Review Summary: Ahead of its time and ahead of the competition, yet left behind.
The story of thrash is generally thought to go like this: first there was
Motorhead, and all rejoiced; then there was
Venom, and hell followed. From
Metallica and
Exodus to
Sodom and
Holy Moses (yes, they had a demo in ‘82 if you can believe that!), anger and aggression would dominate the genre. Less talked about is the story of the so-called US Power Metal scene, which despite its name has far more in common with thrash than with your
Helloweens and your
Running Wilds. Rather than follow in the footsteps of Venom, this sound was born in response to the New Wave of British Heavy Metal - faster, more intense, more technical, but no less theatrical and bombastic when compared to traditional metal.
Have Mercy is one such USPM band, featuring ostensibly Christian lyrics, whose five year run between 1983 and 1988 left behind a few demos and this EP. Though compiled and re-released in 2004, their name and their music continue to languish in the depths of obscurity. Which is a shame. By now it should be obvious that I could trivially vomit a dozen or so lines calling this “kimm thrash with a twist” and telling you to check it hard because it rules hard, it will make your balls turn into a fist, etc. I could hamfist comparisons to
Tourniquet and
Believer, or more appropriate ones to Helstar. But that wouldn’t really get across what caught my attention the most about this release - not merely the sound, but the context.

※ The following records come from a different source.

lemma opt_heavy_nonneg: "0 \<le> opt d r X p"
  using finite_heavy root heavy_vertex by (intro opt_nonneg) (auto simp: metric_nonneg[OF metric])

lemma opt_J_nonneg: "0 \<le> opt (J_dist d) (r, 0) CJ (\<lambda>_. pJ)"
proof (rule opt_nonneg[OF finite_J_clients])
  have "fst y \<in> V" if "y \<in> insert (r, 0) CJ" for y
    using that heavy_subset root by (auto simp: J_clients_eq)
  then show "\<forall>x\<in>insert (r, 0) CJ. \<forall>y\<in>insert (r, 0) CJ. 0 \<le> J_dist d x y"
    by (simp add: J_dist_def metric_nonneg[OF metric])
  show "\<forall>v\<in>CJ. 0 \<le> pJ \<and> pJ \<le> 1" using J_prob_pos J_prob_le_one by simp
qed

lemma heavy_tour_bound:
  assumes "\<pi>h \<in> master_tours CJ" "consecutive \<pi>h"
    and approx: "exp_lat (J_dist d) (r, 0) CJ (\<lambda>_. pJ) \<pi>h \<le> \<rho> * opt (J_dist d) (r, 0) CJ (\<lambda>_. pJ)"
  shows "0 \<le> \<rho>"
    and "exp_lat d r (V - {r}) p (remdups (map fst \<pi>h)) \<le> 4 * (1 + 1 / n) ^ 3 * \<rho> * opt d r X p"
proof -
  show \<rho>: "0 \<le> \<rho>"
  proof (rule ccontr)
    assume "\<not> 0 \<le> \<rho>"
    then have "\<rho> * opt (J_dist d) (r, 0) CJ (\<lambda>_. pJ) \<le> 0" using opt_J_nonneg by (simp add: mult_nonpos_nonneg)
    then show False using approx exp_lat_J_pos[OF assms(1,2)] by linarith
  qed
  have "exp_lat d r (V - {r}) p (remdups (map fst \<pi>h)) \<le> 4 * (\<rho> * opt (J_dist d) (r, 0) CJ (\<lambda>_. pJ))"
    using exp_lat_le_four_J[OF assms(1,2)] approx by linarith
  also have "\<dots> \<le> 4 * (\<rho> * ((1 + 1 / n) ^ 3 * opt d r X p))"
    using opt_J_le \<rho> by (intro mult_left_mono) auto
  finally show "exp_lat d r (V - {r}) p (remdups (map fst \<pi>h)) \<le> 4 * (1 + 1 / n) ^ 3 * \<rho> * opt d r X p"
    by (simp add: mult_ac)
qed

end
lemma open_vcoset_times: "open_o2 v (vcoset v c1 i \<times> vcoset v c2 j)"
  unfolding open_o2_def
proof (intro conjI ballI)
  show "vcoset v c1 i \<times> vcoset v c2 j \<subseteq> intring v \<times> intring v"
    by (auto simp: vcoset_def)
next
  fix x
  assume x: "x \<in> vcoset v c1 i \<times> vcoset v c2 j"
  have "y1 - c1 \<in> vball v i \<and> y2 - c2 \<in> vball v j"
    if "y1 - fst x \<in> vball v (max i j)" "y2 - snd x \<in> vball v (max i j)" for y1 y2
    using vball_add[of "y1 - fst x" i "fst x - c1"] vball_add[of "y2 - snd x" j "snd x - c2"]
      vball_mono[OF _ that(1), of i] vball_mono[OF _ that(2), of j] x
    by (auto simp: vcoset_def)
  then show "case x of (x1, x2) \<Rightarrow> \<exists>m::nat. \<forall>y1 y2. y1 \<in> intring v \<and> y2 \<in> intring v \<and>
      y1 - x1 \<in> vball v m \<and> y2 - x2 \<in> vball v m \<longrightarrow> (y1, y2) \<in> vcoset v c1 i \<times> vcoset v c2 j"
    by (cases x) (auto simp: vcoset_def intro!: exI[of _ "max i j"])
qed

end

lemma (in finite_measure) measure_UN_eq_card_mult:
  fixes m :: real
  assumes "finite I" "A ` I \<subseteq> sets M" "disjoint_family_on A I" "\<And>i. i \<in> I \<Longrightarrow> measure M (A i) = m"
  shows "measure M (\<Union>i\<in>I. A i) = card I * m"
  using finite_measure_finite_Union[OF assms(1-3)] assms(4) by simp

locale haar_plane = discrete_valuation v for v :: "'k::field \<Rightarrow> int" +
  fixes M :: "('k \<times> 'k) measure" and p :: 'k and R :: "'k set"
  assumes haar: "haar_o2 v M"
    and uniformizer: "p \<noteq> 0" "v p = 1"
    and reps_finite: "finite R"
    and reps_subset: "R \<subseteq> intring v"
    and reps_cover: "\<And>y. y \<in> intring v \<Longrightarrow> \<exists>s\<in>R. y - s \<in> vball v 1"
    and reps_distinct: "\<And>s s'. s \<in> R \<Longrightarrow> s' \<in> R \<Longrightarrow> s - s' \<in> vball v 1 \<Longrightarrow> s = s'"
begin

sublocale finite_measure M
  using haar by (intro finite_measureI) (simp add: haar_o2_def)

lemma card_reps_pos: "0 < card R"
  using reps_finite reps_cover[of 0] by (auto simp: card_gt_0_iff)

lemma vcoset_times_sets: "vcoset v c1 i \<times> vcoset v c2 j \<in> sets M"
  using haar open_vcoset_times unfolding haar_o2_def by (auto intro: sigma_sets.Basic)

lemma measure_vcoset_times_translate:
  assumes "c1 \<in> intring v" "c2 \<in> intring v"
  shows "measure M (vcoset v c1 i \<times> vcoset v c2 j) = measure M (vcoset v 0 i \<times> vcoset v 0 j)"
proof -
  have "(\<lambda>(x1, x2). (x1 + c1, x2 + c2)) ` (vcoset v 0 i \<times> vcoset v 0 j)
      = (\<lambda>x. x + c1) ` vcoset v 0 i \<times> (\<lambda>x. x + c2) ` vcoset v 0 j"
    by force
  also have "\<dots> = vcoset v c1 i \<times> vcoset v c2 j"
    using assms by (simp add: vcoset_translate)
  finally show ?thesis
    using haar vcoset_times_sets assms unfolding haar_o2_def measure_def by metis
qed

lemma power_mult_mem_vball: "s \<in> intring v \<Longrightarrow> p ^ i * s \<in> vball v (int i)"
  using vball_mult[OF vball_val[of "p ^ i"], of s 0] uniformizer by (simp add: val_power)

lemma power_mult_rep_mem_intring: "s \<in> R \<Longrightarrow> p ^ i * s \<in> intring v"
  using power_mult_mem_vball[of s i] reps_subset vball_mono[of 0 "int i"] by auto

lemma vcoset_zero_eq_UN: "vcoset v 0 i = (\<Union>s\<in>R. vcoset v (p ^ i * s) (Suc i))"
proof (intro equalityI subsetI)
  fix x
  assume x: "x \<in> vcoset v 0 i"
  define y where "y = x / p ^ i"
  have "y \<in> intring v"
    using x uniformizer by (cases "x = 0") (auto simp: y_def vcoset_def vball_def val_divide val_power)
  then obtain s where s: "s \<in> R" "y - s \<in> vball v 1"
    using reps_cover by blast
  have "p ^ i * (y - s) \<in> vball v (int i + 1)"
    using vball_mult[OF vball_val[of "p ^ i"] s(2)] uniformizer by (simp add: val_power)
  then have "x - p ^ i * s \<in> vball v (int (Suc i))"
    using uniformizer by (simp add: y_def algebra_simps)
  with x s(1) show "x \<in> (\<Union>s\<in>R. vcoset v (p ^ i * s) (Suc i))"
    by (auto simp: vcoset_def)
next
  fix x
  assume "x \<in> (\<Union>s\<in>R. vcoset v (p ^ i * s) (Suc i))"
  then obtain s where s: "s \<in> R" "x \<in> intring v" "x - p ^ i * s \<in> vball v (1 + int i)"
    by (auto simp: vcoset_def)
  have "p ^ i * s \<in> vball v (int i)"
    using power_mult_mem_vball s(1) reps_subset by blast
  moreover have "x - p ^ i * s \<in> vball v (int i)"
    using vball_mono[OF _ s(3)] by simp
  ultimately have "(x - p ^ i * s) + p ^ i * s \<in> vball v (int i)"
    by (intro vball_add) simp_all
  with s(2) show "x \<in> vcoset v 0 i"
    by (simp add: vcoset_def)
qed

This little thing came out in April 1986. For reference, Darkness Descends, Reign In Blood, Pleasure To Kill and Morbid Visions all came out in the fourth quarter of the same year. Now is the music on Armageddon Descends as intense, is it flirting with more extreme genres of metal - no. But it’s pretty damn hard hitting nonetheless. How?
Blistering drums that feel especially punishing when the gas is turned up, genuinely excellent bass work, ear-rupturing vocals and of course “hard as feck riffs” that I must stress are surprisingly technical at times, though not quite to the twisted, alien extent as
Watchtower. Moreover, both the songwriting and the musicianship are just thoroughly solid - relentless, yet replete with everything from fills, to bridges, to solos - it never meanders but never feels one-note either. Most often it brings to mind
Helstar’s A Distant Thunder or Nosferatu, and at a couple moments even
Coroner’s pre-Mental Vortex stuff. But here’s the kicker: this predates every single one of those by two or more years. If you were to compare it to something that was out in 1986, well, how about
Flotsam and Jetsam on steroids, and without all the clean passages and interludes that leave Doomsday for the Deceiver feeling just a tad bloated? How about
Metal Church on crack? You get the picture.
Now would I tell you it’s every bit as good as those more well known records, perhaps not. What I will tell you though, is that it is absolutely worth any metal fan’s time, and it makes me wonder how many more bands like this there were, ahead of the pack yet never discovered.